Hot Dog Days of Summer

Photo © iStockphoto.com/dmuir2009

Photo © iStockphoto.com/dmuir2009

Los Angeles, maybe surprisingly, is perched at the top of the National Hot Dog and Sausage Council’s list of top-consuming cities. In 2016, we chowed down on more than 36 million pounds of hot dogs to edge out New York as the hot dog capital of the world. The assist goes to Dodger fans, who led the major leagues in hot dog consumption by downing 2.6 million Dodger Dogs at the stadium and another million at home. 

Dodger Dogs are ten inches of all pork, made by the Farmer John brand. But the most-consumed beef hot dog in the United States, Ball Park Franks, got its start in the late 1950s when the Detroit Tigers decided they wanted their own stadium hot dogs. 

In 2016, Americans consumed 20 billion hot dogs. Mostly with mustard. No surprise that more than one-third—7 billion—are consumed between Memorial Day and Labor Day. July is National Hot Dog month, with two prime dog days: the Fourth of July and National Hot Dog Day, July 18. 

Hot dogs are America’s national sausage—our street food—fast and fun from the beginning. The first hot dog eating contest was in 1916, at Nathan’s Famous on the beach at Coney Island in New York. Now, hot dogs are ubiquitous across the country in convenience stores, like 7-Eleven’s signature roller-grilled Big Bite. Oscar Mayer makes the special blend, all beef dogs. But hot dog variations are ferociously local, and the toppings are very personal. In the 1990s, when Dodger chefs started steaming the dogs, fans called foul. Grilled for the win!
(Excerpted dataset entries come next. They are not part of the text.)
(* Let $A'=[a'_{ijk}]$ be an $m'\times n'\times k'$ hypermatrix with entries in $\{0,1,-1\}$. Then there exist an integer $n\ge\max\{m',n',k'\}$, an $n\times n\times n$ ASHM $A=[a_{ijk}]$, and index sets $I=\{i_1<\cdots<i_{m'}\}$, $J=\{j_1<\cdots<j_{n'}\}$, $K=\{k_1<\cdots<k_{k'}\}\subseteq\{1,\ldots,n\}$ such that $a'_{pqr}=a_{i_pj_qk_r}$ for all $p,q,r$; that is, $A'$ is obtained from $A$ by deleting planes. Moreover, $A$ can be obtained from $A'$ by repeatedly inserting new planes (horizontal, row-vertical and column-vertical) each of which is a subpermutation matrix or the negative of a subpermutation matrix.
   Context: An $n\times n\times n$ hypermatrix $A=[a_{ijk}]$ is an alternating sign hypermatrix (ASHM) if all entries are in $\{0,\pm1\}$ and in every line (obtained by fixing two of the three indices) the nonzeros alternate in sign beginning and ending with $+1$. Planes of a hypermatrix are obtained by fixing one index: horizontal planes (fix the third index), row-vertical planes (fix the first index), column-vertical planes (fix the second index). A subpermutation matrix is a $(0,1)$-matrix with at most one $1$ in every row and column. *)

theory Defs
  imports Main
begin

text \<open>Hypermatrices are represented with 0-based indices: an m x n x k hypermatrix
  is a function A :: nat => nat => nat => int, of which only the entries A i j l
  with i < m, j < n, l < k are relevant.\<close>

type_synonym hmat = "nat \<Rightarrow> nat \<Rightarrow> nat \<Rightarrow> int"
It was 1939 when Paul Pink started selling dogs from a pushcart in Hollywood. Maybe he was inspired by the famous picnic that President Roosevelt hosted at his home in Hyde Park, New York, for King George VI (Queen Elizabeth II’s father and predecessor) that same year. Paul Pink was certainly following a long line of street vendors in Los Angeles, going back to the nineteenth century, when the first laws were passed limiting the amount of time mobile vendors could remain in one place to three minutes. 
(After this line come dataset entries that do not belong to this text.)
(* Let $n\ge 3$ be odd and let $D_{2n}$ be the dihedral group of order $2n$. Then $\Gamma_{D_{2n},H}$ admits a perfect code for every normal subgroup $H$ of $D_{2n}$.
   Context: For a normal subgroup $H$ of a finite group $G$ with identity $e$, the subgroup sum graph $\Gamma_{G,H}$ is the simple undirected graph with vertex set $G$ in which distinct vertices $x,y$ are adjacent if and only if $xy\in H\setminus\{e\}$. A perfect code in a graph is a set $C$ of vertices that is independent and such that every vertex not in $C$ is adjacent to exactly one vertex of $C$. *)

theory Defs
  imports "HOL-Algebra.Algebra"
begin

text \<open>Dihedral group of order 2n: the element (i, a) stands for r^i s^a
  (r a rotation of order n, s a reflection), with s r^j = r^(-j) s.\<close>
definition dihedral_group :: "nat \<Rightarrow> (nat \<times> bool) monoid" where
  "dihedral_group n =
     \<lparr> carrier = {0..<n} \<times> UNIV,
       monoid.mult = (\<lambda>(i, a) (j, b). ((if a then i + (n - j) else i + j) mod n, a \<noteq> b)),
       monoid.one = (0, False) \<rparr>"

definition sum_graph_adj :: "('a, 'b) monoid_scheme \<Rightarrow> 'a set \<Rightarrow> 'a \<Rightarrow> 'a \<Rightarrow> bool" where
  "sum_graph_adj G H x y \<longleftrightarrow>
     x \<in> carrier G \<and> y \<in> carrier G \<and> x \<noteq> y \<and>
     x \<otimes>\<^bsub>G\<^esub> y \<in> H - {\<one>\<^bsub>G\<^esub>}"

definition perfect_code :: "'a set \<Rightarrow> ('a \<Rightarrow> 'a \<Rightarrow> bool) \<Rightarrow> 'a set \<Rightarrow> bool" where
  "perfect_code V E C \<longleftrightarrow>
     C \<subseteq> V \<and>
     (\<forall>x\<in>C. \<forall>y\<in>C. \<not> E x y) \<and>
     (\<forall>v\<in>V - C. \<exists>!c. c \<in> C \<and> E v c)"

end

theory Submission
  imports Defs
begin

text \<open>
  If a normal subgroup H of D_2n contains a reflection, then, n being odd, conjugation
  produces every reflection, so H is the whole group and {1} is a perfect code.
  Otherwise H = {r^x | x \<in> K} for a subgroup K of the integers containing n. Then
  r^x s^a and r^y s^b are adjacent only if a = b and x' - y lies in K and is nonzero
  modulo n, where x' = x for reflections and x' = -x for rotations. Hence for any
  transversal T of the cosets of K that is closed under negation,
  {r^t s^a | t \<in> T} is a perfect code. Such a T is given by the elements of least
  absolute value in their cosets: if t and -t lie in the same coset then 2t \<in> K, and as
  K contains the odd number n this forces t \<in> K, i.e. t = 0.
\<close>

lemma subgroup_integer_group_add_closed:
  "subgroup K integer_group \<Longrightarrow> x \<in> K \<Longrightarrow> y \<in> K \<Longrightarrow> x + y \<in> K"
  using subgroup.m_closed by fastforce

lemma subgroup_integer_group_uminus_closed:
  "subgroup K integer_group \<Longrightarrow> x \<in> K \<Longrightarrow> - x \<in> K"
  using subgroup.m_inv_closed[of K integer_group x] by simp

lemma subgroup_integer_group_mult_closed:
  assumes "subgroup K integer_group" "x \<in> K"
  shows "c * x \<in> K"
  using group.subgroup_int_pow_closed[OF group_integer_group assms, of c] by simp

lemma subgroup_integer_group_half:
  assumes K: "subgroup K integer_group" and "odd n" "n \<in> K" "2 * x \<in> K"
  shows "x \<in> K"
proof -
  obtain m where "n = 2 * m + 1" using \<open>odd n\<close> oddE by blast
  then have "x = (m + 1) * (2 * x) + (- x) * n" by (simp add: algebra_simps)
  also have "\<dots> \<in> K"
    by (rule subgroup_integer_group_add_closed[OF K
          subgroup_integer_group_mult_closed[OF K assms(4)] subgroup_integer_group_mult_closed[OF K assms(3)]])
  finally show ?thesis .
qed

definition least_abs_reps :: "int set \<Rightarrow> int set" where
  "least_abs_reps K = {t. \<forall>y. t - y \<in> K \<longrightarrow> \<bar>t\<bar> \<le> \<bar>y\<bar>}"

lemma least_abs_repsD: "t \<in> least_abs_reps K \<Longrightarrow> t - y \<in> K \<Longrightarrow> \<bar>t\<bar> \<le> \<bar>y\<bar>"
  by (simp add: least_abs_reps_def)

lemma uminus_least_abs_reps:
  assumes K: "subgroup K integer_group" and t: "t \<in> least_abs_reps K"
  shows "- t \<in> least_abs_reps K"
  unfolding least_abs_reps_def
proof (intro CollectI allI impI)
  fix y assume "- t - y \<in> K"
  have "t - (- y) = - (- t - y)" by simp
  with subgroup_integer_group_uminus_closed[OF K \<open>- t - y \<in> K\<close>]
  have "t - (- y) \<in> K" by (simp only:)
  then have "\<bar>t\<bar> \<le> \<bar>- y\<bar>" by (rule least_abs_repsD[OF t])
  then show "\<bar>- t\<bar> \<le> \<bar>y\<bar>" by simp
qed

lemma ex_least_abs_rep:
  assumes K: "subgroup K integer_group"
  shows "\<exists>t \<in> least_abs_reps K. x - t \<in> K"
proof -
  have "x - x \<in> K" using subgroup.one_closed[OF K] by simp
  then obtain t where t: "x - t \<in> K" and least: "\<And>y. x - y \<in> K \<Longrightarrow> nat \<bar>t\<bar> \<le> nat \<bar>y\<bar>"
    using ex_has_least_nat[of "\<lambda>y. x - y \<in> K" x "\<lambda>y. nat \<bar>y\<bar>"] by blast
  have "\<bar>t\<bar> \<le> \<bar>y\<bar>" if "t - y \<in> K" for y
  proof -
    have "(x - t) + (t - y) \<in> K" using subgroup_integer_group_add_closed[OF K t that] .
    then have "nat \<bar>t\<bar> \<le> nat \<bar>y\<bar>" using least by simp
    then show ?thesis by simp
  qed
  then have "t \<in> least_abs_reps K" by (simp add: least_abs_reps_def)
  then show ?thesis using t by blast
qed

lemma least_abs_reps_unique:
  assumes K: "subgroup K integer_group" and "odd n" "n \<in> K"
    and t: "t \<in> least_abs_reps K" and u: "u \<in> least_abs_reps K" and tu: "t - u \<in> K"
  shows "t = u"
proof -
  have "u - t \<in> K" using subgroup_integer_group_uminus_closed[OF K tu] by simp
  from least_abs_repsD[OF t tu] least_abs_repsD[OF u this] have "\<bar>t\<bar> = \<bar>u\<bar>" by simp
  then consider "t = u" | "u = - t" by (auto simp: abs_eq_iff)
  then show ?thesis
  proof cases
    case 2
    with tu have "2 * t \<in> K" by simp
    then have "t \<in> K" by (rule subgroup_integer_group_half[OF K \<open>odd n\<close> \<open>n \<in> K\<close>])
    with least_abs_repsD[OF t, of 0] have "t = 0" by simp
    with \<open>u = - t\<close> show ?thesis by simp
  qed
qed

lemma (in group) perfect_code_sum_graph_carrier:
  "perfect_code (carrier G) (sum_graph_adj G (carrier G)) {\<one>}"
  unfolding perfect_code_def
proof (intro conjI ballI)
  fix v assume v: "v \<in> carrier G - {\<one>}"
  then have "sum_graph_adj G (carrier G) v \<one>" by (simp add: sum_graph_adj_def)
  then show "\<exists>!c. c \<in> {\<one>} \<and> sum_graph_adj G (carrier G) v c" by blast
qed (auto simp: sum_graph_adj_def)

definition dih :: "nat \<Rightarrow> int \<Rightarrow> bool \<Rightarrow> nat \<times> bool" where
  "dih n x a = (nat (x mod int n), a)"

lemma dih_in_carrier: "0 < n \<Longrightarrow> dih n x a \<in> carrier (dihedral_group n)"
  by (simp add: dih_def dihedral_group_def nat_less_iff)

lemma dih_fst_snd: "v \<in> carrier (dihedral_group n) \<Longrightarrow> v = dih n (int (fst v)) (snd v)"
  by (auto simp: dih_def dihedral_group_def)

lemma dih_eq_iff: "0 < n \<Longrightarrow> dih n x a = dih n y b \<longleftrightarrow> x mod int n = y mod int n \<and> a = b"
  by (simp add: dih_def nat_eq_iff)

lemma dih_one: "\<one>\<^bsub>dihedral_group n\<^esub> = dih n 0 False"
  by (simp add: dih_def dihedral_group_def)

lemma dih_mult:
  assumes "0 < n"
  shows "dih n x a \<otimes>\<^bsub>dihedral_group n\<^esub> dih n y b = dih n (if a then x - y else x + y) (a \<noteq> b)"
proof -
  let ?i = "nat (x mod int n)" and ?j = "nat (y mod int n)"
  have i: "int ?i = x mod int n" and j: "int ?j = y mod int n" "?j \<le> n"
    using assms by (simp_all add: nat_le_iff order.strict_implies_order)
  have "int ((?i + (n - ?j)) mod n) = ((x mod int n - y mod int n) + int n) mod int n"
    using i j by (simp add: zmod_int of_nat_diff algebra_simps)
  also have "\<dots> = (x - y) mod int n"
    by (simp add: mod_diff_eq)
  finally have "int ((?i + (n - ?j)) mod n) = (x - y) mod int n" .
  moreover have "int ((?i + ?j) mod n) = (x + y) mod int n"
    using i j by (simp add: zmod_int mod_add_eq)
  ultimately show ?thesis
    by (auto simp: dihedral_group_def dih_def simp flip: nat_int)
qed

lemma normal_reflection_imp_carrier:
  assumes "odd n" and N: "H \<lhd> dihedral_group n" and "(i, True) \<in> H"
  shows "H = carrier (dihedral_group n)"
proof -
  interpret N: normal H "dihedral_group n" by (rule N)
  have n: "0 < n" using \<open>odd n\<close> by (simp add: odd_pos)
  have i: "dih n (int i) True \<in> H"
    using N.subset \<open>(i, True) \<in> H\<close> dih_fst_snd by fastforce
  have refl: "dih n k True \<in> H" for k
  proof -
    \<comment> \<open>conjugation by r^j s sends r^i s to r^(2j-i) s, and 2 is invertible modulo n\<close>
    define j where "j = (int i + k) * ((int n + 1) div 2)"
    obtain m where "n = 2 * m + 1" using \<open>odd n\<close> oddE by blast
    then have "2 * j - int i = k + (int i + k) * int n" by (simp add: j_def algebra_simps)
    then have conj: "dih n (2 * j - int i) True = dih n k True"
      using n by (simp add: dih_eq_iff)
    have inv: "inv\<^bsub>dihedral_group n\<^esub> dih n j True = dih n j True"
      using n by (intro N.inv_equality) (simp_all add: dih_mult dih_one dih_in_carrier)
    have "dih n j True \<otimes>\<^bsub>dihedral_group n\<^esub> dih n (int i) True
        \<otimes>\<^bsub>dihedral_group n\<^esub> inv\<^bsub>dihedral_group n\<^esub> dih n j True \<in> H"
      using N.inv_op_closed2[OF dih_in_carrier[OF n] i] .
    then show ?thesis using n conj by (simp add: inv dih_mult)
  qed
  have "dih n k a \<in> H" for k a
  proof (cases a)
    case False
    have "dih n k True \<otimes>\<^bsub>dihedral_group n\<^esub> dih n 0 True \<in> H"
      using refl by (simp add: N.m_closed)
    then show ?thesis using n False by (simp add: dih_mult)
  qed (use refl in simp)
  then have "carrier (dihedral_group n) \<subseteq> H" using dih_fst_snd by (metis subsetI)
  then show ?thesis using N.subset by (rule subset_antisym[rotated])
qed

definition rotation_exponents :: "nat \<Rightarrow> (nat \<times> bool) set \<Rightarrow> int set" where
  "rotation_exponents n H = {x. dih n x False \<in> H}"

lemma subgroup_rotation_exponents:
  assumes "0 < n" "group (dihedral_group n)" "subgroup H (dihedral_group n)"
  shows "subgroup (rotation_exponents n H) integer_group"
proof (rule group.subgroupI[OF group_integer_group])
  interpret G: group "dihedral_group n" by fact
  show "rotation_exponents n H \<noteq> {}"
    using subgroup.one_closed[OF assms(3)] by (auto simp: rotation_exponents_def dih_one)
  fix x y assume "x \<in> rotation_exponents n H" "y \<in> rotation_exponents n H"
  then have x: "dih n x False \<in> H" and y: "dih n y False \<in> H"
    by (simp_all add: rotation_exponents_def)
  from subgroup.m_closed[OF assms(3) x y]
  show "x \<otimes>\<^bsub>integer_group\<^esub> y \<in> rotation_exponents n H"
    using assms(1) by (simp add: rotation_exponents_def dih_mult)
  have "inv\<^bsub>dihedral_group n\<^esub> dih n x False = dih n (- x) False"
    using assms(1) by (intro G.inv_equality) (simp_all add: dih_mult dih_one dih_in_carrier)
  with subgroup.m_inv_closed[OF assms(3) x]
  show "inv\<^bsub>integer_group\<^esub> x \<in> rotation_exponents n H"
    by (simp add: rotation_exponents_def)
qed simp

lemma modulus_in_rotation_exponents:
  assumes "0 < n" "subgroup H (dihedral_group n)"
  shows "int n \<in> rotation_exponents n H"
proof -
  have "dih n (int n) False = \<one>\<^bsub>dihedral_group n\<^esub>"
    using assms(1) by (simp add: dih_one dih_eq_iff)
  with subgroup.one_closed[OF assms(2)] show ?thesis
    by (simp add: rotation_exponents_def)
qed

lemma sum_graph_adj_dih:
  assumes n: "0 < n" and K: "subgroup (rotation_exponents n H) integer_group"
    and no_refl: "\<And>i. (i, True) \<notin> H"
  shows "sum_graph_adj (dihedral_group n) H (dih n x a) (dih n y b) \<longleftrightarrow>
    a = b \<and> x mod int n \<noteq> y mod int n \<and>
    (if a then x else - x) - y \<in> rotation_exponents n H \<and> ((if a then x else - x) - y) mod int n \<noteq> 0"
proof (cases "a = b")
  case False
  then have "dih n x a \<otimes>\<^bsub>dihedral_group n\<^esub> dih n y b = dih n (if a then x - y else x + y) True"
    by (simp add: dih_mult[OF n])
  then have "dih n x a \<otimes>\<^bsub>dihedral_group n\<^esub> dih n y b \<notin> H"
    using no_refl by (simp add: dih_def)
  then show ?thesis using False by (simp add: sum_graph_adj_def)
next
  case True
  have "dih n (x + y) False \<in> H \<longleftrightarrow> - x - y \<in> rotation_exponents n H"
    using subgroup_integer_group_uminus_closed[OF K, of "x + y"]
      subgroup_integer_group_uminus_closed[OF K, of "- x - y"]
    by (auto simp: rotation_exponents_def add.commute)
  moreover have "(x + y) mod int n = 0 \<longleftrightarrow> (- x - y) mod int n = 0"
    using dvd_minus_iff[of "int n" "x + y"] by (simp add: dvd_eq_mod_eq_0)
  moreover have "dih n (x - y) False \<in> H \<longleftrightarrow> x - y \<in> rotation_exponents n H"
    by (simp add: rotation_exponents_def)
  ultimately show ?thesis using True n
    by (cases a) (simp_all add: sum_graph_adj_def dih_mult dih_one dih_in_carrier dih_eq_iff)
qed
After World War II, in 1946, Pink’s erected the stand near the corner of La Brea and Melrose that they still occupy today. That same year, a 33-year-old man from Missouri, Dave Barham, opened his own hot dog stand on a Santa Monica beach. He dipped a dog into his mother’s cornbread batter, deep fried it, and gave it a handle: Hot Dog on a Stick, now spotted in malls all over the country. The company recently added Korea to its dozens of U.S. franchises. Pink’s only opened its second location about a decade ago and has continued to expand with new locations over the years, including Hawaii and the Philippines. 
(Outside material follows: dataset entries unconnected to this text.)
lemma dilution_step_hverts_nonempty:
  assumes "dilution_step H K" and "is_hypergraph H"
  shows "hverts H \<noteq> {}"
  using assms(1)
proof cases
  case (del_edge e e')
  then show ?thesis
    using assms(2) unfolding is_hypergraph_def by blast
qed auto

lemma dilution_of_vertexless:
  assumes "dilution_step\<^sup>*\<^sup>* H K" and "is_hypergraph H" and "hverts H = {}"
  shows "K = H"
  using assms(1)
  by (cases rule: converse_rtranclpE) (use assms(2,3) dilution_step_hverts_nonempty in blast)+

lemma graph_connected_inc_nonempty:
  assumes "graph_connected G" and "u \<in> hverts G" "v \<in> hverts G" "u \<noteq> v"
  shows "inc G v \<noteq> {}"
proof -
  have "(\<lambda>a b. primal_adj G a b \<and> a \<in> hverts G \<and> b \<in> hverts G)\<^sup>*\<^sup>* v u"
    using assms unfolding graph_connected_def primal_connected_set_def by blast
  then show ?thesis
  proof (cases rule: converse_rtranclpE)
    case base
    with assms(4) show ?thesis
      by simp
  next
    case (step w)
    then show ?thesis
      unfolding primal_adj_def inc_def by auto
  qed
qed

(* Since edges have exactly two ends, a common edge of twins u, v is {u, v}, and no
   path can leave {u, v}. *)
lemma graph_connected_twins:
  assumes "is_graph G" and "graph_connected G"
    and "u \<in> hverts G" "v \<in> hverts G" "u \<noteq> v" and twins: "inc G u = inc G v"
  shows "hverts G = {u, v}"
proof -
  let ?R = "\<lambda>a b. primal_adj G a b \<and> a \<in> hverts G \<and> b \<in> hverts G"
  have "w \<in> {u, v}" if "?R\<^sup>*\<^sup>* u w" for w
    using that
  proof (induction rule: rtranclp_induct)
    case (step z w)
    then obtain e where e: "e \<in> hedges G" "z \<in> e" "w \<in> e"
      unfolding primal_adj_def by blast
    then have "e \<in> inc G u" "e \<in> inc G v"
      using step.IH twins by (auto simp: inc_def)
    then have "u \<in> e" "v \<in> e"
      by (simp_all add: inc_def)
    moreover obtain p q where "e = {p, q}"
      using assms(1) e(1) card_2_iff unfolding is_graph_def by metis
    ultimately show ?case
      using e(3) assms(5) by auto
  qed simp
  moreover have "?R\<^sup>*\<^sup>* u w" if "w \<in> hverts G" for w
    using assms(2,3) that unfolding graph_connected_def primal_connected_set_def by blast
  ultimately show ?thesis
    using assms(3,4) by blast
qed

lemma is_minor_hdual_if_hverts_subset_pair:
  assumes "graph_connected G" and "is_hypergraph H" and "hdegree H = 2"
    and "is_dilution (hdual G) H" and "hverts G \<subseteq> {u, v}"
  shows "is_minor G (hdual H)"
proof (cases "hverts H = {}")
  case False
  with assms(2,3) obtain x y where "primal_adj (hdual H) x y"
    by (rule hdual_primal_adj_if_hdegree_2)
  then show ?thesis
    using assms(5) by (rule is_minor_if_hverts_subset_pair)
next
  case True
  obtain K where "dilution_step\<^sup>*\<^sup>* H K" "hiso (hdual G) K"
    using assms(4) unfolding is_dilution_def by blast
  then have "hiso (hdual G) H"
    using dilution_of_vertexless assms(2) True by blast
  then obtain \<phi> where \<phi>: "bij_betw \<phi> (hedges G) {}" "hedges H = (\<lambda>e. \<phi> ` e) ` inc G ` hverts G"
    using True unfolding hiso_def by auto
  then have no_edges: "inc G w = {}" for w
    by (auto simp: bij_betw_def inc_def)
  obtain w where w: "w \<in> hverts G"
    using assms(1) unfolding graph_connected_def primal_connected_set_def by blast
  then have "hverts G \<subseteq> {w}"
    using graph_connected_inc_nonempty[OF assms(1)] no_edges by blast
  moreover have "{} \<in> hverts (hdual H)"
    using \<phi>(2) w no_edges by auto
  ultimately show ?thesis
    by (intro is_minor_if_hverts_subset_singleton)
qed

theorem lemmaA1:
  fixes G :: "'b hypergraph" and H :: "'a hypergraph"
  assumes "is_graph G" and "graph_connected G"
    and "is_hypergraph H" and "hdegree H = 2"
    and "is_dilution (hdual G) H"
  shows "is_minor G (hdual H)"
proof (cases "\<exists>u v. hverts G \<subseteq> {u, v}")
  case True
  then obtain u v where "hverts G \<subseteq> {u, v}"
    by blast
  with assms(2-5) show ?thesis
    by (rule is_minor_hdual_if_hverts_subset_pair)
next
  case False
  obtain K where K: "dilution_step\<^sup>*\<^sup>* H K" "hiso (hdual G) K"
    using assms(5) unfolding is_dilution_def by blast
  obtain M where M: "intersection_model (hdual H) (hedges (hdual G)) M"
    using intersection_model_dilution[OF K(1) intersection_model_hdual[OF assms(3)]]
      intersection_model_hiso[OF K(2) hdual_hedges_subset_Pow] by blast
  have "inc G v \<noteq> {}" if "v \<in> hverts G" for v
    using False that graph_connected_inc_nonempty[OF assms(2)] by blast
  moreover have "inj_on (inc G) (hverts G)"
  proof (rule inj_onI)
    fix u v assume "u \<in> hverts G" "v \<in> hverts G" "inc G u = inc G v"
    then show "u = v"
      using False graph_connected_twins[OF assms(1,2)] by blast
  qed
  ultimately show ?thesis
    using M by (rule is_minor_of_intersection_model_hdual[rotated])
qed

end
At Pink’s original stand in our multiethnic city, there are dogs to soothe the homesick from Chicago, Brooklyn, Guadalajara, and more, not to mention the dogs named after celebrities—Ozzy Osbourne and Martha Stewart come to mind—and classic movies. Locals and tourists alike will wait in a line that often stretches around the block for these all beef dogs, custom-made by Hoffy in Los Angeles.

In March 2018, the Los Angeles City Council honored the hot dog business that started in a pushcart, grew to a brick and mortar, went global, and became a legend: they unanimously approved a motion to name the intersection of Melrose and La Brea ‘Pink’s Square.’ At Pink’s expense, the crosswalks will be painted pink. 

So, this summer, throw another hot dog on the grill and keep this American tradition going at home. As you reach for the mustard, don’t forget to grab some sunscreen for yourself.